Eau de Amine

One of the first questions I’m asked is, “Where do you get your air when you’re underwater?” Quite simply, we make it. In order to survive, you need to breathe in oxygen and exhale carbon dioxide. The same principle is true for the submarine.

First let’s look at oxygen. We get oxygen from a process called electrolysis. We take pure water and run an electric current through it. The water splits into hydrogen and oxygen. The hydrogen is vented overboard. The oxygen is either sent to the submarine or to storage tanks.

Getting rid of the carbon dioxide is accomplished with a chemical we call amine. When amine is cool, it absorbs carbon dioxide. When it is heated, it releases the carbon dioxide. We have a machine that has two chambers. In the first, the amine is cooled. It gets pumped through a nozzle that looks like a shower head at the top of the chamber. The cooled amine rains down as little droplets inside the chamber. Air form the submarine gets blown through the amine stream and carbon dioxide is absorbed. When the amine reaches the bottom, it is collected and pumped into the second chamber. In the second changer, the amine is heated, and releases the carbon dioxide. The carbon dioxide is compressed and vented overboard.

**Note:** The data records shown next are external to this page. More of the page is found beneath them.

lemma min_geodesic_subsegment:
  assumes \<gamma>: "min_geodesic \<gamma> x y" and ab: "0 \<le> a" "a \<le> b" "b \<le> 1"
  shows "min_geodesic (\<lambda>r. \<gamma> (a + r * (b - a))) (\<gamma> a) (\<gamma> b)"
  unfolding min_geodesic_def
proof (intro conjI ballI)
  have inI: "a + r * (b - a) \<in> {0..1}" if "r \<in> {0..1}" for r
  proof -
    have "r * (b - a) \<le> 1 * (b - a)" using that ab by (intro mult_right_mono) auto
    then show ?thesis using that ab by auto
  qed
  have d\<gamma>: "dist (\<gamma> s) (\<gamma> t) = \<bar>t - s\<bar> * dist x y" if "s \<in> {0..1}" "t \<in> {0..1}" for s t
    using \<gamma> that unfolding min_geodesic_def by blast
  fix r1 r2 :: real assume r: "r1 \<in> {0..1}" "r2 \<in> {0..1}"
  have "dist (\<gamma> (a + r1 * (b - a))) (\<gamma> (a + r2 * (b - a))) = \<bar>r2 - r1\<bar> * (b - a) * dist x y"
    using d\<gamma>[OF inI[OF r(1)] inI[OF r(2)]] ab by (simp add: abs_mult left_diff_distrib[symmetric])
  also have "\<dots> = \<bar>r2 - r1\<bar> * dist (\<gamma> a) (\<gamma> b)"
    using d\<gamma>[of a b] ab by simp
  finally show "dist (\<gamma> (a + r1 * (b - a))) (\<gamma> (a + r2 * (b - a))) = \<bar>r2 - r1\<bar> * dist (\<gamma> a) (\<gamma> b)" .
qed auto

lemma dist_geodesic_le_dist_start:
  assumes cat: "CAT0 TYPE('a::metric_space)" and \<gamma>: "min_geodesic \<gamma> q z"
    and wz: "dist w z \<le> dist (w::'a) q" and r: "r \<in> {0..1}"
  shows "dist w (\<gamma> r) \<le> dist w q"
proof -
  have "(dist w (\<gamma> r))\<^sup>2 \<le> (1 - r) * (dist w q)\<^sup>2 + r * (dist w z)\<^sup>2 - (1 - r) * r * (dist q z)\<^sup>2"
    by (rule CAT0_dist_geodesic[OF cat \<gamma> r])
  also have "\<dots> \<le> (1 - r) * (dist w q)\<^sup>2 + r * (dist w q)\<^sup>2"
  proof -
    have "r * (dist w z)\<^sup>2 \<le> r * (dist w q)\<^sup>2" using r wz by (intro mult_left_mono power_mono) auto
    moreover have "0 \<le> (1 - r) * r * (dist q z)\<^sup>2" using r by auto
    ultimately show ?thesis by linarith
  qed
  also have "\<dots> = (dist w q)\<^sup>2" by (simp add: algebra_simps)
  finally show ?thesis by (rule power2_le_imp_le) simp
qed

lemma JJ_dist_le:
  assumes "z \<in> JJ f \<tau> x" "\<tau> > 0" "f p \<le> f z"
  shows "dist x z \<le> dist x p"
proof -
  have "f z + (dist x z)\<^sup>2 / (2 * \<tau>) \<le> f p + (dist x p)\<^sup>2 / (2 * \<tau>)"
    using assms(1) unfolding JJ_def by blast
  then have "(dist x z)\<^sup>2 / (2 * \<tau>) \<le> (dist x p)\<^sup>2 / (2 * \<tau>)" using assms(3) by simp
  then have "(dist x z)\<^sup>2 \<le> (dist x p)\<^sup>2" using assms(2) by (simp add: divide_le_cancel)
  then show ?thesis by (rule power2_le_imp_le) simp
qed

There’s one problem with amine, it smells. The best description I have for the smell is rotten fish that have been soaking in lubricating oil. Since the small droplets of amine are blowing through the air, the smell gets into everything. You get used to the smell pretty quickly, but other people notice it. I always told the newcomers to wrap their civilian clothes inside two garbage bags. Before sealing the garbage bags, drop two bars of soap inside. Your clothes will smell like soap when you pull into port.
Not everyone takes this advice. We’ll pull into a port, and the sailors get ready for a night out on the town. They just never can figure out why women are backing away from them all the time.

Submariners have a very distinctive smell. The amine not only gets into your clothing, but also your hair and the pores of you skin. It takes several scrubbings in the shower before a woman will even think of hugging you. Most wives leave a bathrobe for their husbands in the garage. When he gets home, he leaves his clothes there and heads straight for the shower. His wife finally greets him after he’s clean.

People’s reactions when we first pulled into port always made me wonder. The technological miracles the machinery performed allowed us to survive underwater, but people acted as if we smelled like corpses. Did we really survive our voyage?